Task to carry out:
Below are records; work out how many of their lines contain the word "impI" and reply with the number only.

(Stored data entries)
--- START ---

lemma approx_segment_image:
  fixes H :: "'a::real_normed_vector \<Rightarrow> 'b::real_normed_vector"
    and H' :: "'a \<Rightarrow> 'a \<Rightarrow>\<^sub>L 'b"
  assumes H: "\<forall>w\<in>ball x r. (H has_derivative H' w) (at w)" and H': "continuous_on (ball x r) H'"
    and near: "\<forall>w\<in>ball x r. norm (H' w - H' x) \<le> \<kappa>"
    and below: "\<forall>v. m * norm v \<le> norm (H' x v)"
    and seg: "approx_segment V \<eta> \<sigma> \<sigma>'" and ends: "\<sigma> 0 \<in> ball x (r/5)" "\<sigma> 1 \<in> ball x (r/5)"
    and "\<eta> \<le> 1" "0 \<le> \<epsilon>" and small: "3 * \<kappa> + norm (H' x) * \<eta> \<le> \<epsilon> * (m - \<kappa>)"
  shows "\<exists>V'. approx_segment V' \<epsilon> (H \<circ> \<sigma>) (\<lambda>t. H' (\<sigma> t) (\<sigma>' t))"
proof -
  define d where "d = \<sigma> 1 - \<sigma> 0"
  define e where "e = H (\<sigma> 1) - H (\<sigma> 0)"
  have in_ball: "\<sigma> ` {0..1} \<subseteq> ball x r"
    using approx_segment_subset_ball[OF seg \<open>\<eta> \<le> 1\<close> ends] .
  then have "\<sigma> 0 \<in> ball x r" "\<sigma> 1 \<in> ball x r"
    unfolding image_subset_iff by simp_all
  moreover from this(1) have "x \<in> ball x r"
    by (meson centre_in_ball mem_ball le_less_trans zero_le_dist)
  ultimately have lin: "norm (e - H' x d) \<le> \<kappa> * norm d"
    using norm_chord_sub_derivative_le[OF convex_ball _ _ _ H near] unfolding d_def e_def by blast
  have "0 \<le> \<kappa>"
    using near[rule_format, OF \<open>x \<in> ball x r\<close>] by simp
  have "(m - \<kappa>) * norm d = m * norm d - \<kappa> * norm d"
    by (simp add: left_diff_distrib)
  then have lower: "(m - \<kappa>) * norm d \<le> norm e"
    using below[rule_format, of d] lin norm_triangle_ineq2[of "H' x d" e]
      norm_minus_commute[of "H' x d" e] by linarith
  have \<sigma>: "open V" "{0..1} \<subseteq> V" "\<forall>t\<in>V. (\<sigma> has_vector_derivative \<sigma>' t) (at t)" "continuous_on V \<sigma>'"
    and close: "\<forall>t\<in>{0..1}. norm (\<sigma>' t - d) \<le> \<eta> * norm d"
    using seg by (auto simp: approx_segment_def d_def)
  obtain V' where "open V'" "{0..1} \<subseteq> V'"
    and "\<forall>t\<in>V'. ((H \<circ> \<sigma>) has_vector_derivative H' (\<sigma> t) (\<sigma>' t)) (at t)"
    and "continuous_on V' (\<lambda>t. H' (\<sigma> t) (\<sigma>' t))"
    using C1_path_compose[OF \<sigma> open_ball in_ball H H'] by blast
  moreover have "norm (H' (\<sigma> t) (\<sigma>' t) - e) \<le> \<epsilon> * norm e" if "t \<in> {0..1}" for t
  proof -
    have "\<sigma> t \<in> ball x r"
      using in_ball that by blast
    then have "norm (H' (\<sigma> t) (\<sigma>' t) - e) \<le> (\<kappa> * (2 + \<eta>) + norm (H' x) * \<eta>) * norm d"
      using near close lin that by (intro norm_blinfun_apply_sub_le) auto
    also have "\<dots> \<le> (3 * \<kappa> + norm (H' x) * \<eta>) * norm d"
      using \<open>\<eta> \<le> 1\<close> \<open>0 \<le> \<kappa>\<close> mult_left_mono[of "2 + \<eta>" 3 \<kappa>]
      by (intro mult_right_mono) auto
    also have "\<dots> \<le> \<epsilon> * ((m - \<kappa>) * norm d)"
      using mult_right_mono[OF small norm_ge_zero[of d]] by (simp add: mult.assoc)
    also have "\<dots> \<le> \<epsilon> * norm e"
      using lower \<open>0 \<le> \<epsilon>\<close> by (rule mult_left_mono)
    finally show ?thesis .
  qed
  ultimately show ?thesis
    unfolding approx_segment_def e_def by auto
qed

lemma perturbation_constants_exist:
  fixes a m \<epsilon> :: real
  assumes "0 \<le> a" "0 < m" "0 < \<epsilon>"
  obtains \<kappa> \<eta> where "0 < \<kappa>" "0 < \<eta>" "\<eta> \<le> 1" "3 * \<kappa> + a * \<eta> \<le> \<epsilon> * (m - \<kappa>)"
proof
  define \<kappa> where "\<kappa> = min (m/2) (\<epsilon> * m / 12)"
  define \<eta> where "\<eta> = min 1 (\<epsilon> * m / (4 * (a + 1)))"
  show "0 < \<kappa>" "0 < \<eta>" "\<eta> \<le> 1"
    using assms by (auto simp: \<kappa>_def \<eta>_def intro!: divide_pos_pos add_nonneg_pos)
  have "\<eta> \<le> \<epsilon> * m / (4 * (a + 1))"
    by (simp add: \<eta>_def)
  then have "\<eta> * (4 * (a + 1)) \<le> \<epsilon> * m"
    using \<open>0 \<le> a\<close> by (simp add: pos_le_divide_eq add_nonneg_pos)
  then have "a * \<eta> \<le> \<epsilon> * m / 4"
    using \<open>0 < \<eta>\<close> by (simp add: algebra_simps)
  moreover have "\<epsilon> * \<kappa> \<le> \<epsilon> * (m / 2)"
    using \<open>0 < \<epsilon>\<close> by (intro mult_left_mono) (auto simp: \<kappa>_def)
  ultimately show "3 * \<kappa> + a * \<eta> \<le> \<epsilon> * (m - \<kappa>)"
    by (simp add: \<kappa>_def right_diff_distrib)
qed

lemma C1_transfers_approx_segments:
  fixes H :: "'a::real_normed_vector \<Rightarrow> 'b::euclidean_space"
    and H' :: "'a \<Rightarrow> 'a \<Rightarrow>\<^sub>L 'b"
  assumes "open U" "x \<in> U" and H: "\<forall>w\<in>U. (H has_derivative H' w) (at w)"
    and H': "continuous_on U H'" and "inj (H' x)" and "\<epsilon> > 0"
  shows "\<exists>N \<eta>. open N \<and> x \<in> N \<and> \<eta> > 0 \<and>
           (\<forall>V \<sigma> \<sigma>'. approx_segment V \<eta> \<sigma> \<sigma>' \<and> \<sigma> 0 \<in> N \<and> \<sigma> 1 \<in> N \<longrightarrow>
              \<sigma> ` {0..1} \<subseteq> U \<and> (\<exists>V' \<gamma>'. approx_segment V' \<epsilon> (H \<circ> \<sigma>) \<gamma>'))"
proof -
  obtain m where "m > 0" and below: "\<forall>v. m * norm v \<le> norm (H' x v)"
    using linear_inj_bounded_below_pos[of "blinfun_apply (H' x)"] \<open>inj (H' x)\<close>
    by (metis blinfun.bounded_linear_right bounded_linear.linear)
  obtain \<kappa> \<eta> where "0 < \<kappa>" "0 < \<eta>" "\<eta> \<le> 1" and small: "3 * \<kappa> + norm (H' x) * \<eta> \<le> \<epsilon> * (m - \<kappa>)"
    using perturbation_constants_exist[OF norm_ge_zero \<open>m > 0\<close> \<open>\<epsilon> > 0\<close>] by blast
  have "open (U \<inter> H' -` ball (H' x) \<kappa>)"
    using continuous_open_preimage[OF H' \<open>open U\<close> open_ball] .
  moreover have "x \<in> U \<inter> H' -` ball (H' x) \<kappa>"
    using \<open>x \<in> U\<close> \<open>0 < \<kappa>\<close> by simp
  ultimately obtain r where "r > 0" and r: "ball x r \<subseteq> U \<inter> H' -` ball (H' x) \<kappa>"
    using open_contains_ball by blast
  then have "ball x r \<subseteq> U" and near: "\<forall>w\<in>ball x r. norm (H' w - H' x) \<le> \<kappa>"
    by (auto simp: dist_norm norm_minus_commute less_imp_le)
  have "\<forall>w\<in>ball x r. (H has_derivative H' w) (at w)" "continuous_on (ball x r) H'"
    using H continuous_on_subset[OF H' \<open>ball x r \<subseteq> U\<close>] \<open>ball x r \<subseteq> U\<close> by auto
  note transfer = approx_segment_image[OF this near below _ _ _ \<open>\<eta> \<le> 1\<close> _ small]
  have "\<forall>V \<sigma> \<sigma>'. approx_segment V \<eta> \<sigma> \<sigma>' \<and> \<sigma> 0 \<in> ball x (r/5) \<and> \<sigma> 1 \<in> ball x (r/5) \<longrightarrow>
          \<sigma> ` {0..1} \<subseteq> U \<and> (\<exists>V' \<gamma>'. approx_segment V' \<epsilon> (H \<circ> \<sigma>) \<gamma>')"
  proof (intro allI impI, elim conjE)
    fix V \<sigma> \<sigma>' assume seg: "approx_segment V \<eta> \<sigma> \<sigma>'"
      and ends: "\<sigma> 0 \<in> ball x (r/5)" "\<sigma> 1 \<in> ball x (r/5)"
    show "\<sigma> ` {0..1} \<subseteq> U \<and> (\<exists>V' \<gamma>'. approx_segment V' \<epsilon> (H \<circ> \<sigma>) \<gamma>')"
      using approx_segment_subset_ball[OF seg \<open>\<eta> \<le> 1\<close> ends] \<open>ball x r \<subseteq> U\<close>
        transfer[OF seg ends less_imp_le[OF \<open>\<epsilon> > 0\<close>]] by blast
  qed
  then show ?thesis
    using \<open>r > 0\<close> \<open>0 < \<eta>\<close> by (intro exI[of _ "ball x (r/5)"] exI[of _ \<eta>]) auto
qed

lemma smoothly_approx_convex_homeomorphic_image:
  assumes "smoothly_approx_convex C x" "x \<in> U" and hom: "homeomorphism U (H ` U) H G"
    and transfer: "\<And>\<epsilon>. \<epsilon> > 0 \<Longrightarrow> \<exists>N \<eta>. open N \<and> x \<in> N \<and> \<eta> > 0 \<and>
           (\<forall>V \<sigma> \<sigma>'. approx_segment V \<eta> \<sigma> \<sigma>' \<and> \<sigma> 0 \<in> N \<and> \<sigma> 1 \<in> N \<longrightarrow>
              \<sigma> ` {0..1} \<subseteq> U \<and> (\<exists>V' \<gamma>'. approx_segment V' \<epsilon> (H \<circ> \<sigma>) \<gamma>'))"
  shows "smoothly_approx_convex (H ` (C \<inter> U)) (H x)"
  unfolding smoothly_approx_convex_iff_approx_segment
proof (intro allI impI)
  fix \<epsilon> :: real assume "\<epsilon> > 0"
  obtain N \<eta> where "open N" "x \<in> N" "\<eta> > 0" and transfer\<epsilon>: "\<forall>V \<sigma> \<sigma>'.
      approx_segment V \<eta> \<sigma> \<sigma>' \<and> \<sigma> 0 \<in> N \<and> \<sigma> 1 \<in> N \<longrightarrow>
      \<sigma> ` {0..1} \<subseteq> U \<and> (\<exists>V' \<gamma>'. approx_segment V' \<epsilon> (H \<circ> \<sigma>) \<gamma>')"
    using transfer[OF \<open>\<epsilon> > 0\<close>] by blast
  obtain WC where "open WC" "x \<in> WC" and segC: "\<forall>z\<in>C \<inter> WC. \<forall>z'\<in>C \<inter> WC.
      \<exists>\<sigma> \<sigma>' V. approx_segment V \<eta> \<sigma> \<sigma>' \<and> \<sigma> ` {0..1} \<subseteq> C \<and> \<sigma> 0 = z \<and> \<sigma> 1 = z'"
    using assms(1)[unfolded smoothly_approx_convex_iff_approx_segment, rule_format, OF \<open>\<eta> > 0\<close>]
    by blast
  obtain W where "open W" "H x \<in> W" and pull: "\<And>z. z \<in> U \<Longrightarrow> H z \<in> W \<Longrightarrow> z \<in> N \<inter> WC"
    using homeomorphism_pullback_neighbourhood[OF hom, of "N \<inter> WC" x]
      \<open>open N\<close> \<open>open WC\<close> \<open>x \<in> N\<close> \<open>x \<in> WC\<close> \<open>x \<in> U\<close> by auto
  have "\<forall>y\<in>H ` (C \<inter> U) \<inter> W. \<forall>y'\<in>H ` (C \<inter> U) \<inter> W.
      \<exists>\<gamma> \<gamma>' V. approx_segment V \<epsilon> \<gamma> \<gamma>' \<and> \<gamma> ` {0..1} \<subseteq> H ` (C \<inter> U) \<and> \<gamma> 0 = y \<and> \<gamma> 1 = y'"
  proof (intro ballI)
    fix y y' assume "y \<in> H ` (C \<inter> U) \<inter> W" "y' \<in> H ` (C \<inter> U) \<inter> W"
    then obtain z z' where z: "z \<in> C \<inter> U" "z' \<in> C \<inter> U" "y = H z" "y' = H z'"
      and "H z \<in> W" "H z' \<in> W"
      by blast
    then have "z \<in> C \<inter> WC" "z' \<in> C \<inter> WC" "z \<in> N" "z' \<in> N"
      using pull by auto
    obtain \<sigma> \<sigma>' V where seg: "approx_segment V \<eta> \<sigma> \<sigma>'" and "\<sigma> ` {0..1} \<subseteq> C"
      and ends: "\<sigma> 0 = z" "\<sigma> 1 = z'"
      using segC[rule_format, OF \<open>z \<in> C \<inter> WC\<close> \<open>z' \<in> C \<inter> WC\<close>] by blast
    have "\<sigma> 0 \<in> N" "\<sigma> 1 \<in> N"
      using ends \<open>z \<in> N\<close> \<open>z' \<in> N\<close> by simp_all
    with seg transfer\<epsilon> \<open>\<sigma> ` {0..1} \<subseteq> C\<close>
    obtain V' \<gamma>' where "\<sigma> ` {0..1} \<subseteq> C \<inter> U" "approx_segment V' \<epsilon> (H \<circ> \<sigma>) \<gamma>'"
      by (meson le_inf_iff)
    moreover from this(1) have "(H \<circ> \<sigma>) ` {0..1} \<subseteq> H ` (C \<inter> U)"
      unfolding image_comp[symmetric] by (rule image_mono)
    moreover have "(H \<circ> \<sigma>) 0 = y" "(H \<circ> \<sigma>) 1 = y'"
      using ends z by simp_all
    ultimately show "\<exists>\<gamma> \<gamma>' V. approx_segment V \<epsilon> \<gamma> \<gamma>' \<and> \<gamma> ` {0..1} \<subseteq> H ` (C \<inter> U) \<and> \<gamma> 0 = y \<and> \<gamma> 1 = y'"
      by blast
  qed
  with \<open>open W\<close> \<open>H x \<in> W\<close>
  show "\<exists>W. open W \<and> H x \<in> W \<and> (\<forall>y\<in>H ` (C \<inter> U) \<inter> W. \<forall>y'\<in>H ` (C \<inter> U) \<inter> W.
      \<exists>\<gamma> \<gamma>' V. approx_segment V \<epsilon> \<gamma> \<gamma>' \<and> \<gamma> ` {0..1} \<subseteq> H ` (C \<inter> U) \<and> \<gamma> 0 = y \<and> \<gamma> 1 = y')"
    by blast
qed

--- END ---

Your response:
2